For each line of the material, check for the string "order"; then state how many lines had it, giving only the number.
• • •
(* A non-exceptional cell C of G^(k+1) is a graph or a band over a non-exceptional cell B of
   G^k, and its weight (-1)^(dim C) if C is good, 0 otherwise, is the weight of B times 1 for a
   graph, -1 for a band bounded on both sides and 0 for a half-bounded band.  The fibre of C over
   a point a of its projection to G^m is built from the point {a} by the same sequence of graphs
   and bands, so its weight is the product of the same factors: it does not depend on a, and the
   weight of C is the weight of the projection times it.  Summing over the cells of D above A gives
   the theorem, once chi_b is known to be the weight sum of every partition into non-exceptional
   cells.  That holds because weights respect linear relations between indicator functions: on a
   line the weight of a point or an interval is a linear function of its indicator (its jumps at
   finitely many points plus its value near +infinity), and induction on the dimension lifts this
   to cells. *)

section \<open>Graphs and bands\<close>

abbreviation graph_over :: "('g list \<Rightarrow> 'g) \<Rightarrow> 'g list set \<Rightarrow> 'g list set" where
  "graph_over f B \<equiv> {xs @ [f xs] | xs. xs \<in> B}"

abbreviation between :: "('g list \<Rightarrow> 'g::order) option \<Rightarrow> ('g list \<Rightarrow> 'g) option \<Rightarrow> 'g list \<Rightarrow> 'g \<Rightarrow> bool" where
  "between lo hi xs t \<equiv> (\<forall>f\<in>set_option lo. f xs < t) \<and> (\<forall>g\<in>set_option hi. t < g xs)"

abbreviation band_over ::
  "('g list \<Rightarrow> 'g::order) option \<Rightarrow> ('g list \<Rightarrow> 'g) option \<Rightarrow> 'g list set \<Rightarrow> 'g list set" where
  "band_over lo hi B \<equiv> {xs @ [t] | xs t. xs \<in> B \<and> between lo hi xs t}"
• • •
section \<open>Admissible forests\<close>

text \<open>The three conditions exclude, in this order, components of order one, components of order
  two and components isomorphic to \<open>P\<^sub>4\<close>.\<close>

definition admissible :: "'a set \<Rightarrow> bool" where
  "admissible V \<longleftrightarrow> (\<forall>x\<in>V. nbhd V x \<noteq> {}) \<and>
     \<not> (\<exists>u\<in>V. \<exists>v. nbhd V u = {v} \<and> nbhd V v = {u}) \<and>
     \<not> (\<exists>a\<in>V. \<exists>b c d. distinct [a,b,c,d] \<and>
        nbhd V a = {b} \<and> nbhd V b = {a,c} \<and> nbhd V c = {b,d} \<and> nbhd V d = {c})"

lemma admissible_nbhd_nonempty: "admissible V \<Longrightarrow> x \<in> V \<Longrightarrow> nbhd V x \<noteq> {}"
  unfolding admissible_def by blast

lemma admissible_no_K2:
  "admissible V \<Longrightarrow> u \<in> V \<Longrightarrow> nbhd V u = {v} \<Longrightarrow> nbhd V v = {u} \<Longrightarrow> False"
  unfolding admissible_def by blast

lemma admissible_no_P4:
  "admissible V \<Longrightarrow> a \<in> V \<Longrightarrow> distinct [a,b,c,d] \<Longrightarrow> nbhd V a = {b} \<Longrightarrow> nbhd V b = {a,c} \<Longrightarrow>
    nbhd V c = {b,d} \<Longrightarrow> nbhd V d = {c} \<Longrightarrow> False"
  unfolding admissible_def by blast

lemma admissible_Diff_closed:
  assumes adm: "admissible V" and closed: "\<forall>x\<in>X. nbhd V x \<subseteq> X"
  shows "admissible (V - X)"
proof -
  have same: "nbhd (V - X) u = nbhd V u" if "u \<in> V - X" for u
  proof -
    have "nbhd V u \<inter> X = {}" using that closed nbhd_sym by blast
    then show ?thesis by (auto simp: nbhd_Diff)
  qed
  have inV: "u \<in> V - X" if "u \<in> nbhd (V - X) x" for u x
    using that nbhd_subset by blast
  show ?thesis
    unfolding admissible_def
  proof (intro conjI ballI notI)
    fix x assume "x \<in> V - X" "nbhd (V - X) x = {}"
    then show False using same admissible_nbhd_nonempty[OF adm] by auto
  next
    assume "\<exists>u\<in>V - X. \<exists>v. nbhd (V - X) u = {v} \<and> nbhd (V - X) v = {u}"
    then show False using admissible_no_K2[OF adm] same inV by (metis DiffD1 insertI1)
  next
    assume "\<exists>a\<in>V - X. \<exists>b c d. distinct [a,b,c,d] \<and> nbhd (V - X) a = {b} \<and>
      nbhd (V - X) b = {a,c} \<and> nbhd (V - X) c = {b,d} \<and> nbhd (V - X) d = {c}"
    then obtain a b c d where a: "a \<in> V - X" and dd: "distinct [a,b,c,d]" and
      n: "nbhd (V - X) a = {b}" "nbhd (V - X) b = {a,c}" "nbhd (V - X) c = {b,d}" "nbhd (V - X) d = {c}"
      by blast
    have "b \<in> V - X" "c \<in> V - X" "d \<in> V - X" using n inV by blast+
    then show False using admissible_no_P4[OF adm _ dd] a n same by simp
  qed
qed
• • •
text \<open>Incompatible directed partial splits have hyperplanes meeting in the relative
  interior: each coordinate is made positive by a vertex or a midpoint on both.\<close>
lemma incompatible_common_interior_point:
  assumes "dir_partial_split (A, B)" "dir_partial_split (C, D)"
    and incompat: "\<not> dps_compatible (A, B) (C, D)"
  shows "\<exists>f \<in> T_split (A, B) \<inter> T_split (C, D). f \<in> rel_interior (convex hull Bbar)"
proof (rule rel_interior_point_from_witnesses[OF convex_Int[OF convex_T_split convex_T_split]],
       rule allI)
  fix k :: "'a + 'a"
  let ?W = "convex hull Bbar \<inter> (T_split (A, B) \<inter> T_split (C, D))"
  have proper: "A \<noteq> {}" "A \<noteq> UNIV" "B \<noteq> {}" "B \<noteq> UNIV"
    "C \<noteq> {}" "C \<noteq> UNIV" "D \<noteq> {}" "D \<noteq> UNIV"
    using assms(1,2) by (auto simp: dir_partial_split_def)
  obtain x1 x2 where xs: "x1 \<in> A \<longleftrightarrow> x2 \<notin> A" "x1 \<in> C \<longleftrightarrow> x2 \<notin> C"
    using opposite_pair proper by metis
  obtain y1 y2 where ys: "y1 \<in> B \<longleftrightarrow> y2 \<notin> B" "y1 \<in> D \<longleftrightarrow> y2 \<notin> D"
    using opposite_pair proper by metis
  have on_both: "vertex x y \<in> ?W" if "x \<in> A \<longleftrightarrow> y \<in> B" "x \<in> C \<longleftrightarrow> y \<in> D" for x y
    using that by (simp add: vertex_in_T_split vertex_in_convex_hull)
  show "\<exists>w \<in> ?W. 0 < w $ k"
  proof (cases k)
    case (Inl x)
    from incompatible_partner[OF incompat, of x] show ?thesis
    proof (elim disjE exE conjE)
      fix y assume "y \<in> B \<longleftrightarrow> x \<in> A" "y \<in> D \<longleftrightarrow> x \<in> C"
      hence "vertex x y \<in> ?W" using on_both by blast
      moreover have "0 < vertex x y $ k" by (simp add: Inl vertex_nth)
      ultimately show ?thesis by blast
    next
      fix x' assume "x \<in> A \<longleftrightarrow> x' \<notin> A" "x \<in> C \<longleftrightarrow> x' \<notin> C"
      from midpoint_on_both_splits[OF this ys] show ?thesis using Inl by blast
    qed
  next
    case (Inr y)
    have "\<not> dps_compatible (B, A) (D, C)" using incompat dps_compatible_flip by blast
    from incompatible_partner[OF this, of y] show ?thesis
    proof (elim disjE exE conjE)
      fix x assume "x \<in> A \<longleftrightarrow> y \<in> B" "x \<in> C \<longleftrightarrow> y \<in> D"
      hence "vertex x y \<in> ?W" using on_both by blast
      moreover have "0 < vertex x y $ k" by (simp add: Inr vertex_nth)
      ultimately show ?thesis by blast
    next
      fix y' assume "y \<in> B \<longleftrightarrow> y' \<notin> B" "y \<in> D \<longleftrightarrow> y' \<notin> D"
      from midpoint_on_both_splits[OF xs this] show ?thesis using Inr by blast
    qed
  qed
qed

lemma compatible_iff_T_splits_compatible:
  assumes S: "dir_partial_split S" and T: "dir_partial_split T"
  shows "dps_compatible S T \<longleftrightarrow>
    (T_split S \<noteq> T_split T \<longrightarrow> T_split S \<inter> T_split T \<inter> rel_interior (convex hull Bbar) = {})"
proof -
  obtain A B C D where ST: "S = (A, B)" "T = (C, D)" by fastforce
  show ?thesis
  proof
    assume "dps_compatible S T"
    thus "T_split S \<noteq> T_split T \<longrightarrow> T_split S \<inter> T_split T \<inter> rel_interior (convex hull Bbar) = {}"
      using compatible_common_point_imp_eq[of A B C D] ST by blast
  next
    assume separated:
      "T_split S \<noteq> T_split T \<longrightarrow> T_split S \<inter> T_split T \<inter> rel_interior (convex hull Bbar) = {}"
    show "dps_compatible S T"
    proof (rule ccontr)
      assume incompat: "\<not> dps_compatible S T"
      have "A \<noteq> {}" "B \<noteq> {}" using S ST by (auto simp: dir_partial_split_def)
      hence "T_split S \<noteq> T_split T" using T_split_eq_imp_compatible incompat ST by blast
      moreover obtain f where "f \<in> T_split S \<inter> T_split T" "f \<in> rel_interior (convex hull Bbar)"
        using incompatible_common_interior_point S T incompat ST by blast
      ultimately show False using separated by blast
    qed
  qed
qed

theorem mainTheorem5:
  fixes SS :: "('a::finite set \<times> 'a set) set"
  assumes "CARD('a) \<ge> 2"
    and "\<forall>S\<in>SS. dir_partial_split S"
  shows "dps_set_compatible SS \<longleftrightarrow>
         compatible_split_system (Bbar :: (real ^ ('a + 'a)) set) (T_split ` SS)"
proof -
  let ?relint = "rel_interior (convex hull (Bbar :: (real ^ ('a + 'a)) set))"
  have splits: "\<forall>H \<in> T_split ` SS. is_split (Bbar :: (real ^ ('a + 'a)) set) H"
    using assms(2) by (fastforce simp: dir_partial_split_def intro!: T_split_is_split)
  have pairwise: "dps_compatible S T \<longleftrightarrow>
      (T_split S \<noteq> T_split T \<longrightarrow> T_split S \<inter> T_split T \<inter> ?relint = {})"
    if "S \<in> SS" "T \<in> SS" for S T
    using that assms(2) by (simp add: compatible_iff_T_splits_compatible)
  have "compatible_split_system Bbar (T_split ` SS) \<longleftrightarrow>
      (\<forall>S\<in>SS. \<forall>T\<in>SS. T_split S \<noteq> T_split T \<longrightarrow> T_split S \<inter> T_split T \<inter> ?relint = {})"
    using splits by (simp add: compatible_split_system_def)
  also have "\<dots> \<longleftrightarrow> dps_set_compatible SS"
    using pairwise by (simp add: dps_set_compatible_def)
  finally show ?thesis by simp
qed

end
• • •
SOLUTION TO THE EXERCISE: 3